### DATASET RECORDS

-------------------------

(* Let $X$ be a simplicial set and let $S\subseteq X^\sharp$ be any set of non-degenerate simplices. Then there is a canonical simplicial map $\bigsqcup_{s\in S}\Delta[m_s]\to DX$ such that the square with top map $\sqcup_{s\in S}\rho_s:\bigsqcup_{s\in S}\Delta[n_s]\to\bigsqcup_{s\in S}\Delta[m_s]$, left map $(\bar s)_{s\in S}:\bigsqcup_{s\in S}\Delta[n_s]\to X$, and bottom map $\eta_X:X\to DX$ commutes. Equivalently, for each non-degenerate $x$, the composite $\eta_X\circ\bar x:\Delta[n_x]\to DX$ factors through $\rho_x:\Delta[n_x]\to\Delta[m_x]$.
   Context: Simplicial operators act on the right; $\bar x:\Delta[n]\to X$ is the representing map of an $n$-simplex $x$; $X^\sharp$ is the set of non-degenerate simplices and $n_x$ the degree of $x$; $\varepsilon_i:[0]\to[n]$ is $0\mapsto i$. A simplicial set is non-singular if every non-degenerate simplex has degreewise injective representing map. The desingularization $DX$ is the image of $X\to\prod_f Y$, $x\mapsto(f(x))_f$, over all quotient maps $f:X\to Y$ (maps $X\to X/R$ for operator-compatible families of equivalence relations) with $Y$ non-singular; $\eta_X:X\to DX$ is the corestriction. Enforcer: for $x\in X^\sharp$ of degree $n$, let $i\sim j$ iff $x\varepsilon_i=x\varepsilon_j$, $i\approx k$ iff some $j$ has $i\le k\le j$ and $i\sim j$, and $\simeq$ the equivalence relation generated by $\approx$; its classes are intervals, and $\rho_x:[n]\to[m_x]$ is the order-preserving surjection onto the ordered quotient $\{0,\dots,n\}/\simeq\cong[m_x]$ (also viewed as a map $\Delta[n]\to\Delta[m_x]$). *)

theory Defs
  imports Main
begin

text \<open>A simplicial
operator theta : [m] -> [n] is represented by a function nat => nat whose values
on {0..m} matter.  act X n m theta x is x.theta for an n-simplex x.\<close>

record 'a sset =
  sim :: "nat \<Rightarrow> 'a set"
  act :: "nat \<Rightarrow> nat \<Rightarrow> (nat \<Rightarrow> nat) \<Rightarrow> 'a \<Rightarrow> 'a"

definition sop :: "nat \<Rightarrow> nat \<Rightarrow> (nat \<Rightarrow> nat) \<Rightarrow> bool" where
  "sop m n \<theta> \<longleftrightarrow> (\<forall>i\<le>m. \<theta> i \<le> n) \<and> (\<forall>i j. i \<le> j \<longrightarrow> j \<le> m \<longrightarrow> \<theta> i \<le> \<theta> j)"

definition is_sset :: "'a sset \<Rightarrow> bool" where
  "is_sset X \<longleftrightarrow>
     (\<forall>n m. n \<noteq> m \<longrightarrow> sim X n \<inter> sim X m = {}) \<and>
     (\<forall>n m \<theta> x. sop m n \<theta> \<longrightarrow> x \<in> sim X n \<longrightarrow> act X n m \<theta> x \<in> sim X m) \<and>
     (\<forall>n m \<theta> \<theta>' x. sop m n \<theta> \<longrightarrow> (\<forall>i\<le>m. \<theta> i = \<theta>' i) \<longrightarrow> x \<in> sim X n
        \<longrightarrow> act X n m \<theta> x = act X n m \<theta>' x) \<and>
     (\<forall>n x. x \<in> sim X n \<longrightarrow> act X n n id x = x) \<and>
     (\<forall>n m k \<theta> \<phi> x. sop m n \<theta> \<longrightarrow> sop k m \<phi> \<longrightarrow> x \<in> sim X n \<longrightarrow>
        act X m k \<phi> (act X n m \<theta> x) = act X n k (\<theta> \<circ> \<phi>) x)"

definition smap :: "'a sset \<Rightarrow> 'b sset \<Rightarrow> ('a \<Rightarrow> 'b) \<Rightarrow> bool" where
  "smap X Y f \<longleftrightarrow>
     (\<forall>n x. x \<in> sim X n \<longrightarrow> f x \<in> sim Y n) \<and>
     (\<forall>n m \<theta> x. sop m n \<theta> \<longrightarrow> x \<in> sim X n \<longrightarrow> f (act X n m \<theta> x) = act Y n m \<theta> (f x))"

text \<open>Degree of a simplex (well defined since the sets of n-simplices are disjoint).\<close>
definition deg :: "'a sset \<Rightarrow> 'a \<Rightarrow> nat" where
  "deg X x = (THE n. x \<in> sim X n)"

definition degenerate :: "'a sset \<Rightarrow> nat \<Rightarrow> 'a \<Rightarrow> bool" where
  "degenerate X n x \<longleftrightarrow> (\<exists>m<n. \<exists>\<sigma> y. sop n m \<sigma> \<and> \<sigma> ` {0..n} = {0..m} \<and>
      y \<in> sim X m \<and> x = act X m n \<sigma> y)"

-------------------------

### INSTRUCTIONS TO FOLLOW
Using the data above, reproduce exactly the lines from the line that contains "n \<theta> \<longleftrightarrow>" through the line that contains "(\<forall>n m. n", including both.

### RESULT OF THE EXERCISE
  "sop m n \<theta> \<longleftrightarrow> (\<forall>i\<le>m. \<theta> i \<le> n) \<and> (\<forall>i j. i \<le> j \<longrightarrow> j \<le> m \<longrightarrow> \<theta> i \<le> \<theta> j)"

definition is_sset :: "'a sset \<Rightarrow> bool" where
  "is_sset X \<longleftrightarrow>
     (\<forall>n m. n \<noteq> m \<longrightarrow> sim X n \<inter> sim X m = {}) \<and>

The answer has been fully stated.